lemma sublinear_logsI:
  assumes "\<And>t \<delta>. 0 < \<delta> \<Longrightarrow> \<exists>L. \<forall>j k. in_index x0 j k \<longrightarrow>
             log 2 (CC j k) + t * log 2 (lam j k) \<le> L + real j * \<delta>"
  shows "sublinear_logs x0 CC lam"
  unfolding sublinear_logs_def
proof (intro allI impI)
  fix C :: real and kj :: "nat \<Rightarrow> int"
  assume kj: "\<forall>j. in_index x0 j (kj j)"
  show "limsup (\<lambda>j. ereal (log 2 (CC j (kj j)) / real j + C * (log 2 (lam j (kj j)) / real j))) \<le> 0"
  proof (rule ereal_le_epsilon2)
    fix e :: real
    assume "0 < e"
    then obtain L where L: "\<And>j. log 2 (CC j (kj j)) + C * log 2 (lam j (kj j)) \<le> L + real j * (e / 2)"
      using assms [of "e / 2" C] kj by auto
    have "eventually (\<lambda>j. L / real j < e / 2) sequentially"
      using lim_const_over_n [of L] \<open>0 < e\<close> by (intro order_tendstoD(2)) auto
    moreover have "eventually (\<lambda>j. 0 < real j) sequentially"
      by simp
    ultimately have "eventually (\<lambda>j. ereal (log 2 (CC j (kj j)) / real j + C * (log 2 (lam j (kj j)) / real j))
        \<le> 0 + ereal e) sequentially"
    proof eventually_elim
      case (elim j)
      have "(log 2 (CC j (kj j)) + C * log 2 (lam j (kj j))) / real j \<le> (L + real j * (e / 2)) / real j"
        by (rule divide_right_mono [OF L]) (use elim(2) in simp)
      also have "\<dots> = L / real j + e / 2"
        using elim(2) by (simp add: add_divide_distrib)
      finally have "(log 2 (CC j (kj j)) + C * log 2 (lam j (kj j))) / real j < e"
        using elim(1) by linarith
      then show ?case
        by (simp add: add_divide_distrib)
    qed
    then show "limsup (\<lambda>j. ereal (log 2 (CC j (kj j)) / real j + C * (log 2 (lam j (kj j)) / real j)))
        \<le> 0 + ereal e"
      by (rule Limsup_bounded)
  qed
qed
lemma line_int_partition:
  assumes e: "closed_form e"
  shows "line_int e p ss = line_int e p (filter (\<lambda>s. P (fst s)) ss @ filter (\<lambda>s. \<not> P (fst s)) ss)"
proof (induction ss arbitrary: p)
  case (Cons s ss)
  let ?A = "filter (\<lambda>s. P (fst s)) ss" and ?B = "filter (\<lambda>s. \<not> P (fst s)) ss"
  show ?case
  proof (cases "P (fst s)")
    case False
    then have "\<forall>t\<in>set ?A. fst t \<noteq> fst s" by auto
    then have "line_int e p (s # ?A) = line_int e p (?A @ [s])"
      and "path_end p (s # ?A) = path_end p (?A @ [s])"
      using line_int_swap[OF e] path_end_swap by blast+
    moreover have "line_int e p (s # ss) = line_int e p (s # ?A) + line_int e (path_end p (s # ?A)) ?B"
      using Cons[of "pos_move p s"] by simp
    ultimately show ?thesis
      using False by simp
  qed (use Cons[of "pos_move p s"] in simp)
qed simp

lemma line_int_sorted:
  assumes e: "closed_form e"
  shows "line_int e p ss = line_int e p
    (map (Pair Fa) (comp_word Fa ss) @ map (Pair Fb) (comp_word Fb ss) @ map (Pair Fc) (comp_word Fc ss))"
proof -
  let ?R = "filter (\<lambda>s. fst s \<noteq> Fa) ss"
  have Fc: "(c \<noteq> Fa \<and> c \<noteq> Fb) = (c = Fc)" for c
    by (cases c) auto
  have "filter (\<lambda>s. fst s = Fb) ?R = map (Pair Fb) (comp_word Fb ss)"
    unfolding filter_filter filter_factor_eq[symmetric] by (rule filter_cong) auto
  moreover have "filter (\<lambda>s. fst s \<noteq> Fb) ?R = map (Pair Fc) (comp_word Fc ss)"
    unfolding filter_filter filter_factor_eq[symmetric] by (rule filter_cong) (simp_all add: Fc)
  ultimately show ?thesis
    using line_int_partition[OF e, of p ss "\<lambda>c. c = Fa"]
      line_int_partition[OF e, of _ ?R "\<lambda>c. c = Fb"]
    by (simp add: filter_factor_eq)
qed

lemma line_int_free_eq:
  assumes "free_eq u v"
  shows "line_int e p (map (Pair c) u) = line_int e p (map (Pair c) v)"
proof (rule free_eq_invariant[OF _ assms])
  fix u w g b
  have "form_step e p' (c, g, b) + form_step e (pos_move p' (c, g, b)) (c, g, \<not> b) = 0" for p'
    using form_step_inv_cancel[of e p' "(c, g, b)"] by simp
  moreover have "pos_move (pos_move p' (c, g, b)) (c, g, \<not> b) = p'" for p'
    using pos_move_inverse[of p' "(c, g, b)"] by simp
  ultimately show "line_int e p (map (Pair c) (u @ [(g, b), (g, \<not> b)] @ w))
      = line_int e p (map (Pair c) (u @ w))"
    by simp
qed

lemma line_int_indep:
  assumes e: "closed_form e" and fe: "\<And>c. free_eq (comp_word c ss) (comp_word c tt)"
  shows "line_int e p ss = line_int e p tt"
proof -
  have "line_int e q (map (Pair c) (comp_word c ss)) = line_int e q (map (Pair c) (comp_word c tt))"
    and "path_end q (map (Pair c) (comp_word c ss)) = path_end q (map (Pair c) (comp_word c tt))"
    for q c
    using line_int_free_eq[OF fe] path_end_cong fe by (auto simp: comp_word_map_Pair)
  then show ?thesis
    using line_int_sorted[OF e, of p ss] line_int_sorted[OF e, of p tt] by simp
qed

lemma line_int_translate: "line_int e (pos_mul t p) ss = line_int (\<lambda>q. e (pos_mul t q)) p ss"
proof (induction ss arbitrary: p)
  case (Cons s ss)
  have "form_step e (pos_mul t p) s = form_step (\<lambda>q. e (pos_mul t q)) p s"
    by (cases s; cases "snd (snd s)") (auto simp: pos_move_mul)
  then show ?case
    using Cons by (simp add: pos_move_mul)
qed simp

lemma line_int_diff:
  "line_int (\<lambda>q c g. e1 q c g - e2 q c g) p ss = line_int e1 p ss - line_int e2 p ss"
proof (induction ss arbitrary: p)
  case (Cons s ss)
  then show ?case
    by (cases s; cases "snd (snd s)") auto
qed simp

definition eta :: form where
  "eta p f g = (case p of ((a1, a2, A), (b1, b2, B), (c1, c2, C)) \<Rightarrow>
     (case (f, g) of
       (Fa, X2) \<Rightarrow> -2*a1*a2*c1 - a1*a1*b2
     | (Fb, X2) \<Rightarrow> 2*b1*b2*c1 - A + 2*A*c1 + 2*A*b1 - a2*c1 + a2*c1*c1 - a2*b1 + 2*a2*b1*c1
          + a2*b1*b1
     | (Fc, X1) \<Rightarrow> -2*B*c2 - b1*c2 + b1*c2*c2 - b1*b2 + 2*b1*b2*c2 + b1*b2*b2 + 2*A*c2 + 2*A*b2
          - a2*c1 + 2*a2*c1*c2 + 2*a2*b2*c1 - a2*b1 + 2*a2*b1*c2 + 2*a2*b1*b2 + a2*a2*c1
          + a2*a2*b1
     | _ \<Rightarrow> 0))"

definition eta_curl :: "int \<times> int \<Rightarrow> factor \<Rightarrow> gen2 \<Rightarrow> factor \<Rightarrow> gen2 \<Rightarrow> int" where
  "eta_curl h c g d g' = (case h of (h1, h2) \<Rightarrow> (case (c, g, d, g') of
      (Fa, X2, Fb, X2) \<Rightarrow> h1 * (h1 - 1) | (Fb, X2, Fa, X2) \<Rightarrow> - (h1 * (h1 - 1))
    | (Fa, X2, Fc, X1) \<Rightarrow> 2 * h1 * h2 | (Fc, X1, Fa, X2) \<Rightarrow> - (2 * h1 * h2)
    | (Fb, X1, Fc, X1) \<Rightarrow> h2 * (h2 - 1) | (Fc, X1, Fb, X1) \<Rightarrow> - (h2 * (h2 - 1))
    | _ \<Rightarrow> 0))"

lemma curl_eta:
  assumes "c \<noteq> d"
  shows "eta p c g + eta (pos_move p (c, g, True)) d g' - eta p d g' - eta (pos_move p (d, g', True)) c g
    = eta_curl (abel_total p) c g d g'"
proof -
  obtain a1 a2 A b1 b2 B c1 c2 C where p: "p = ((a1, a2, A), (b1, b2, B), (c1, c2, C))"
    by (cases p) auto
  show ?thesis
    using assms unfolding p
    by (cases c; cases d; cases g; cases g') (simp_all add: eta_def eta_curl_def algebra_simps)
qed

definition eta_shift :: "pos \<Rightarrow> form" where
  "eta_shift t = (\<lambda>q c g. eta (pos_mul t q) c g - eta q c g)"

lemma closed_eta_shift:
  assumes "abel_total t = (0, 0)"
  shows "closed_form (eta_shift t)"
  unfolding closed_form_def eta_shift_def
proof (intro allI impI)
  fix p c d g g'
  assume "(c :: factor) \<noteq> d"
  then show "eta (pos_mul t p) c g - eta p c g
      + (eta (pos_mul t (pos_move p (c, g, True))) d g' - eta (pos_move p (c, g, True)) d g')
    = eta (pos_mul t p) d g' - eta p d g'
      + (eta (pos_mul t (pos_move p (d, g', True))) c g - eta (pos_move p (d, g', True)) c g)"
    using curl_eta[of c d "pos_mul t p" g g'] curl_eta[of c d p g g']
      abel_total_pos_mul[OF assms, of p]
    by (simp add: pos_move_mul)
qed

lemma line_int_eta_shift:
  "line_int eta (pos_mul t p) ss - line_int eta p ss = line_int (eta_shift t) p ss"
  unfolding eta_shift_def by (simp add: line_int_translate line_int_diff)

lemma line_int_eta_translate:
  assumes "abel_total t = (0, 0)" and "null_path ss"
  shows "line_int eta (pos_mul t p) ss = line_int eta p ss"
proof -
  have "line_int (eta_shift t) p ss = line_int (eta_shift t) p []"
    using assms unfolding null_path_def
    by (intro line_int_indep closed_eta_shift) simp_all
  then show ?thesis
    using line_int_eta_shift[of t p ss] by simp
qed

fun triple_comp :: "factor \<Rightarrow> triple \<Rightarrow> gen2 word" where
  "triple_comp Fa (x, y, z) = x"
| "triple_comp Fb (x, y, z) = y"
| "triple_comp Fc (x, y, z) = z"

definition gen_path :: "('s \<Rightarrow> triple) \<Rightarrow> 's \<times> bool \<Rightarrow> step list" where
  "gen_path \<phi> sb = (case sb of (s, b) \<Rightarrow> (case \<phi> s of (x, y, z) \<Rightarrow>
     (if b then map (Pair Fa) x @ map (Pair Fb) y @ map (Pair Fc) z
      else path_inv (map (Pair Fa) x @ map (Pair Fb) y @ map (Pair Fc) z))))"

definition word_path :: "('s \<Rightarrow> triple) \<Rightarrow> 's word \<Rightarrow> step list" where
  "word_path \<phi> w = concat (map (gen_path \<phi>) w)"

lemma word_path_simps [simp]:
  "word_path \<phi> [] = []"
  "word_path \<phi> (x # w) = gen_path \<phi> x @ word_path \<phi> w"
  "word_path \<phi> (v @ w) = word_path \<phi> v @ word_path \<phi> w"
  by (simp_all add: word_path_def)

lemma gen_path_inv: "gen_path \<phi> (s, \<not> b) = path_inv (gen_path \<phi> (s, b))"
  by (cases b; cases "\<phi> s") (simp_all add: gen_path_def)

-----

Write only the number of lines above in which the word "unfolding" is found.

YOUR RESPONSE
7